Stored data

(* Let $\mathcal{C}=\mathrm{CSS}(C_X,C_Z)$ be a quantum Tanner code over $\mathbb{F}_q$ built from a group $G$, generating sets $A,B$ with $|A|=|B|=\Delta$, and inner codes $C_A\subseteq\mathbb{F}_q^A$, $C_B\subseteq\mathbb{F}_q^B$, such that (1) the all-ones vector lies in $C_A$ and the all-ones vector lies in $C_B^\perp$, and (2) $n=|G||A||B|$ is relatively prime to $q$. Then the all-ones vector $\mathbf{1}\in\mathbb{F}_q^Q$ lies in $C_Z\setminus C_X^\perp$ and in $C_X\setminus C_Z^\perp$.
   Context: Quantum Tanner code: $G$ is a finite group and $A,B\subseteq G$ with $A=A^{-1}$, $B=B^{-1}$, $|A|=|B|=\Delta$. The face set is $Q=G\times A\times B$, where the face $(g,a,b)$ has vertices $(g,00),(ag,01),(gb,10),(agb,11)$ in $V=G\times\{0,1\}^2$; $n=|Q|$. For each vertex $v$, let $Q(v)$ be the set of faces containing $v$, identified with $A\times B$ by: for $v=(h,00)$, $(a,b)\mapsto(h,a,b)$; for $v=(h,01)$, $(a,b)\mapsto(a^{-1}h,a,b)$; for $v=(h,10)$, $(a,b)\mapsto(hb^{-1},a,b)$; for $v=(h,11)$, $(a,b)\mapsto(a^{-1}hb^{-1},a,b)$. For $x\in\mathbb{F}_q^Q$, its local view $x|_{Q(v)}\in\mathbb{F}_q^{A\times B}$ is the restriction under this identification. For linear codes $C_1\subseteq\mathbb{F}_q^{A}$, $C_2\subseteq\mathbb{F}_q^{B}$, the tensor code $C_1\otimes C_2\subseteq\mathbb{F}_q^{A\times B}$ consists of matrices with all columns in $C_1$ and all rows in $C_2$; $(C_1\otimes C_2)^\perp=C_1^\perp\otimes\mathbb{F}_q^B+\mathbb{F}_q^A\otimes C_2^\perp$. Then $C_X=\{x\in\mathbb{F}_q^Q: x|_{Q(v)}\in(C_A\otimes C_B)^\perp\ \forall v\in G\times\{00,11\}\}$ and $C_Z=\{x\in\mathbb{F}_q^Q: x|_{Q(v)}\in(C_A^\perp\otimes C_B^\perp)^\perp\ \forall v\in G\times\{01,10\}\}$; one has $C_X^\perp\subseteq C_Z$. Duals are with respect to the standard bilinear form. *)

theory Defs
  imports "HOL-Algebra.Group"
begin

definition vecs :: "'i set \<Rightarrow> ('i \<Rightarrow> 'f::field) set" where
  "vecs S = {x. \<forall>i. i \<notin> S \<longrightarrow> x i = 0}"

definition lin_code :: "'i set \<Rightarrow> ('i \<Rightarrow> 'f::field) set \<Rightarrow> bool" where
  "lin_code S C \<longleftrightarrow> C \<subseteq> vecs S \<and> (\<lambda>i. 0) \<in> C \<and>
     (\<forall>x\<in>C. \<forall>y\<in>C. (\<lambda>i. x i + y i) \<in> C) \<and> (\<forall>c. \<forall>x\<in>C. (\<lambda>i. c * x i) \<in> C)"

definition dual :: "'i set \<Rightarrow> ('i \<Rightarrow> 'f::field) set \<Rightarrow> ('i \<Rightarrow> 'f) set" where
  "dual S C = {y \<in> vecs S. \<forall>x\<in>C. (\<Sum>i\<in>S. x i * y i) = 0}"

definition ones :: "'i set \<Rightarrow> 'i \<Rightarrow> 'f::field" where
  "ones S = (\<lambda>i. if i \<in> S then 1 else 0)"

definition tensor :: "'a set \<Rightarrow> 'b set \<Rightarrow> ('a \<Rightarrow> 'f::field) set \<Rightarrow> ('b \<Rightarrow> 'f) set
     \<Rightarrow> ('a \<times> 'b \<Rightarrow> 'f) set" where
  "tensor A B C1 C2 = {M \<in> vecs (A \<times> B).
     (\<forall>b\<in>B. (\<lambda>a. M (a, b)) \<in> C1) \<and> (\<forall>a\<in>A. (\<lambda>b. M (a, b)) \<in> C2)}"

definition faces :: "('g, 'm) monoid_scheme \<Rightarrow> 'g set \<Rightarrow> 'g set \<Rightarrow> ('g \<times> 'g \<times> 'g) set" where
  "faces G A B = carrier G \<times> A \<times> B"

text \<open>Local views at the four vertex types (h,00), (h,01), (h,10), (h,11).\<close>
definition lv00 :: "('g, 'm) monoid_scheme \<Rightarrow> 'g set \<Rightarrow> 'g set \<Rightarrow> 'g \<Rightarrow> ('g \<times> 'g \<times> 'g \<Rightarrow> 'f::field) \<Rightarrow> ('g \<times> 'g \<Rightarrow> 'f)" where
  "lv00 G A B h x = (\<lambda>(a, b). if a \<in> A \<and> b \<in> B then x (h, a, b) else 0)"

definition lv01 :: "('g, 'm) monoid_scheme \<Rightarrow> 'g set \<Rightarrow> 'g set \<Rightarrow> 'g \<Rightarrow> ('g \<times> 'g \<times> 'g \<Rightarrow> 'f::field) \<Rightarrow> ('g \<times> 'g \<Rightarrow> 'f)" where
  "lv01 G A B h x = (\<lambda>(a, b). if a \<in> A \<and> b \<in> B then x (inv\<^bsub>G\<^esub> a \<otimes>\<^bsub>G\<^esub> h, a, b) else 0)"

definition lv10 :: "('g, 'm) monoid_scheme \<Rightarrow> 'g set \<Rightarrow> 'g set \<Rightarrow> 'g \<Rightarrow> ('g \<times> 'g \<times> 'g \<Rightarrow> 'f::field) \<Rightarrow> ('g \<times> 'g \<Rightarrow> 'f)" where
  "lv10 G A B h x = (\<lambda>(a, b). if a \<in> A \<and> b \<in> B then x (h \<otimes>\<^bsub>G\<^esub> inv\<^bsub>G\<^esub> b, a, b) else 0)"

definition lv11 :: "('g, 'm) monoid_scheme \<Rightarrow> 'g set \<Rightarrow> 'g set \<Rightarrow> 'g \<Rightarrow> ('g \<times> 'g \<times> 'g \<Rightarrow> 'f::field) \<Rightarrow> ('g \<times> 'g \<Rightarrow> 'f)" where
  "lv11 G A B h x = (\<lambda>(a, b). if a \<in> A \<and> b \<in> B then x (inv\<^bsub>G\<^esub> a \<otimes>\<^bsub>G\<^esub> h \<otimes>\<^bsub>G\<^esub> inv\<^bsub>G\<^esub> b, a, b) else 0)"

definition CX :: "('g, 'm) monoid_scheme \<Rightarrow> 'g set \<Rightarrow> 'g set \<Rightarrow> ('g \<Rightarrow> 'f::field) set \<Rightarrow> ('g \<Rightarrow> 'f) set
     \<Rightarrow> ('g \<times> 'g \<times> 'g \<Rightarrow> 'f) set" where
  "CX G A B CA CB = {x \<in> vecs (faces G A B). \<forall>h\<in>carrier G.
      lv00 G A B h x \<in> dual (A \<times> B) (tensor A B CA CB) \<and>
      lv11 G A B h x \<in> dual (A \<times> B) (tensor A B CA CB)}"

definition CZ :: "('g, 'm) monoid_scheme \<Rightarrow> 'g set \<Rightarrow> 'g set \<Rightarrow> ('g \<Rightarrow> 'f::field) set \<Rightarrow> ('g \<Rightarrow> 'f) set
     \<Rightarrow> ('g \<times> 'g \<times> 'g \<Rightarrow> 'f) set" where
  "CZ G A B CA CB = {x \<in> vecs (faces G A B). \<forall>h\<in>carrier G.
      lv01 G A B h x \<in> dual (A \<times> B) (tensor A B (dual A CA) (dual B CB)) \<and>
      lv10 G A B h x \<in> dual (A \<times> B) (tensor A B (dual A CA) (dual B CB))}"

end

theory Submission
  imports Defs "HOL-Number_Theory.Residues"
begin

text \<open>Every local view of the all-ones vector on the faces is the all-ones matrix on
  \<open>A \<times> B\<close>. Summing the rows of a matrix whose rows lie in \<open>C_B\<close> against the all-ones vector
  of \<open>C_B\<^sup>\<perp>\<close> gives zero, so the all-ones matrix is orthogonal to \<open>C_A \<otimes> C_B\<close>; symmetrically,
  summing the columns shows it is orthogonal to \<open>C_A\<^sup>\<perp> \<otimes> C_B\<^sup>\<perp>\<close>, since the all-ones vector of
  \<open>C_A\<close> is orthogonal to \<open>C_A\<^sup>\<perp>\<close>. Hence \<open>\<one>\<close> lies in \<open>C_X\<close> and in \<open>C_Z\<close>. Its self inner product is
  \<open>n\<close>, which is nonzero in \<open>\<bbbF>_q\<close> because the characteristic divides \<open>q\<close> and \<open>n\<close> is prime to \<open>q\<close>;
  so \<open>\<one>\<close> is orthogonal to neither code.\<close>

lemma of_nat_neq_0_if_coprime_card:
  assumes "coprime n (card (UNIV :: 'f::{field, finite} set))"
  shows "of_nat n \<noteq> (0::'f)"
proof
  assume "of_nat n = (0::'f)"
  then have "CHAR('f) dvd n"
    by (simp add: of_nat_eq_0_iff_char_dvd)
  with CHAR_dvd_CARD[where 'a='f] assms have "CHAR('f) dvd 1"
    by (metis coprime_common_divisor)
  then show False
    using of_nat_eq_0_iff_char_dvd[of 1, where 'a='f] by simp
qed

lemma ones_in_vecs: "ones S \<in> vecs S"
  by (simp add: vecs_def ones_def)

lemma sum_times_ones: "(\<Sum>i\<in>S. x i * ones S i) = sum x S"
  by (rule sum.cong) (simp_all add: ones_def)

lemma ones_in_dual_iff: "ones S \<in> dual S C \<longleftrightarrow> (\<forall>x\<in>C. sum x S = 0)"
  by (simp add: dual_def ones_in_vecs sum_times_ones)

lemma subset_dual_dual:
  assumes "C \<subseteq> vecs S"
  shows "C \<subseteq> dual S (dual S C)"
  using assms by (auto simp: dual_def mult.commute)

lemma ones_in_dual_tensor_right:
  assumes "ones B \<in> dual B C2"
  shows "ones (A \<times> B) \<in> dual (A \<times> B) (tensor A B C1 C2)"
proof (unfold ones_in_dual_iff, intro ballI)
  fix M assume "M \<in> tensor A B C1 C2"
  then have "\<forall>a\<in>A. sum (\<lambda>b. M (a, b)) B = 0"
    using assms by (simp add: tensor_def ones_in_dual_iff)
  then show "sum M (A \<times> B) = 0"
    by (simp add: sum.cartesian_product')
qed

lemma ones_in_dual_tensor_left:
  assumes "ones A \<in> dual A C1"
  shows "ones (A \<times> B) \<in> dual (A \<times> B) (tensor A B C1 C2)"
proof (unfold ones_in_dual_iff, intro ballI)
  fix M assume "M \<in> tensor A B C1 C2"
  then have "\<forall>b\<in>B. sum (\<lambda>a. M (a, b)) A = 0"
    using assms by (simp add: tensor_def ones_in_dual_iff)
  then show "sum M (A \<times> B) = 0"
    by (simp add: sum.cartesian_product' sum.swap[of _ B A])
qed

lemma ones_notin_dual:
  fixes C :: "('i \<Rightarrow> 'f::field) set"
  assumes "ones S \<in> C" and "of_nat (card S) \<noteq> (0::'f)"
  shows "ones S \<notin> dual S C"
proof
  assume "ones S \<in> dual S C"
  with assms(1) have "sum (ones S) S = (0::'f)"
    unfolding ones_in_dual_iff by blast
  moreover have "sum (ones S) S = (of_nat (card S) :: 'f)"
    by (simp add: ones_def)
  ultimately show False
    using assms(2) by simp
qed

lemma local_views_ones:
  assumes "group G" and "A \<subseteq> carrier G" and "B \<subseteq> carrier G" and "h \<in> carrier G"
  shows "lv00 G A B h (ones (faces G A B)) = ones (A \<times> B)"
    and "lv01 G A B h (ones (faces G A B)) = ones (A \<times> B)"
    and "lv10 G A B h (ones (faces G A B)) = ones (A \<times> B)"
    and "lv11 G A B h (ones (faces G A B)) = ones (A \<times> B)"
proof -
  interpret group G by fact
  show "lv00 G A B h (ones (faces G A B)) = ones (A \<times> B)"
    "lv01 G A B h (ones (faces G A B)) = ones (A \<times> B)"
    "lv10 G A B h (ones (faces G A B)) = ones (A \<times> B)"
    "lv11 G A B h (ones (faces G A B)) = ones (A \<times> B)"
    using assms(2-4)
    by (auto simp: lv00_def lv01_def lv10_def lv11_def ones_def faces_def fun_eq_iff
        intro!: m_closed)
qed

lemma ones_in_CX:
  assumes "group G" and "A \<subseteq> carrier G" and "B \<subseteq> carrier G"
    and "ones B \<in> dual B CB"
  shows "ones (faces G A B) \<in> CX G A B CA CB"
  by (simp add: CX_def ones_in_vecs local_views_ones[OF assms(1-3)]
      ones_in_dual_tensor_right[OF assms(4)])

lemma ones_in_CZ:
  assumes "group G" and "A \<subseteq> carrier G" and "B \<subseteq> carrier G"
    and "lin_code A CA" and "ones A \<in> CA"
  shows "ones (faces G A B) \<in> CZ G A B CA CB"
proof -
  have "ones A \<in> dual A (dual A CA)"
    using assms(4,5) subset_dual_dual[of CA A] by (auto simp: lin_code_def)
  then show ?thesis
    by (simp add: CZ_def ones_in_vecs local_views_ones[OF assms(1-3)]
        ones_in_dual_tensor_left)
qed

lemma card_faces: "card (faces G A B) = card (carrier G) * card A * card B"
  by (simp add: faces_def card_cartesian_product)

theorem proposition5p1:
  fixes G :: "('g, 'm) monoid_scheme"
    and A B :: "'g set"
    and CA CB :: "('g \<Rightarrow> 'f::{field, finite}) set"
  assumes "group G" and "finite (carrier G)"
    and "A \<subseteq> carrier G" and "B \<subseteq> carrier G"
    and "\<forall>a\<in>A. inv\<^bsub>G\<^esub> a \<in> A" and "\<forall>b\<in>B. inv\<^bsub>G\<^esub> b \<in> B"
    and "card A = card B"
    and "lin_code A CA" and "lin_code B CB"
    and "ones A \<in> CA" and "ones B \<in> dual B CB"
    and "coprime (card (carrier G) * card A * card B) (card (UNIV :: 'f set))"
  shows "ones (faces G A B) \<in> CZ G A B CA CB - dual (faces G A B) (CX G A B CA CB)
       \<and> ones (faces G A B) \<in> CX G A B CA CB - dual (faces G A B) (CZ G A B CA CB)"
proof -
  have in_CX: "ones (faces G A B) \<in> CX G A B CA CB"
    using assms(1,3,4,11) by (rule ones_in_CX)
  have in_CZ: "ones (faces G A B) \<in> CZ G A B CA CB"
    using assms(1,3,4,8,10) by (rule ones_in_CZ)
  have n_nonzero: "of_nat (card (faces G A B)) \<noteq> (0::'f)"
    unfolding card_faces using assms(12) by (rule of_nat_neq_0_if_coprime_card)
  show ?thesis
    using in_CX in_CZ ones_notin_dual[OF in_CX n_nonzero] ones_notin_dual[OF in_CZ n_nonzero]
    by blast
qed

end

WORK INSTRUCTIONS: Only lines with the word "Defs" are wanted; pull each of them from the records.

TASK RESPONSE:
theory Defs
  imports Defs "HOL-Number_Theory.Residues"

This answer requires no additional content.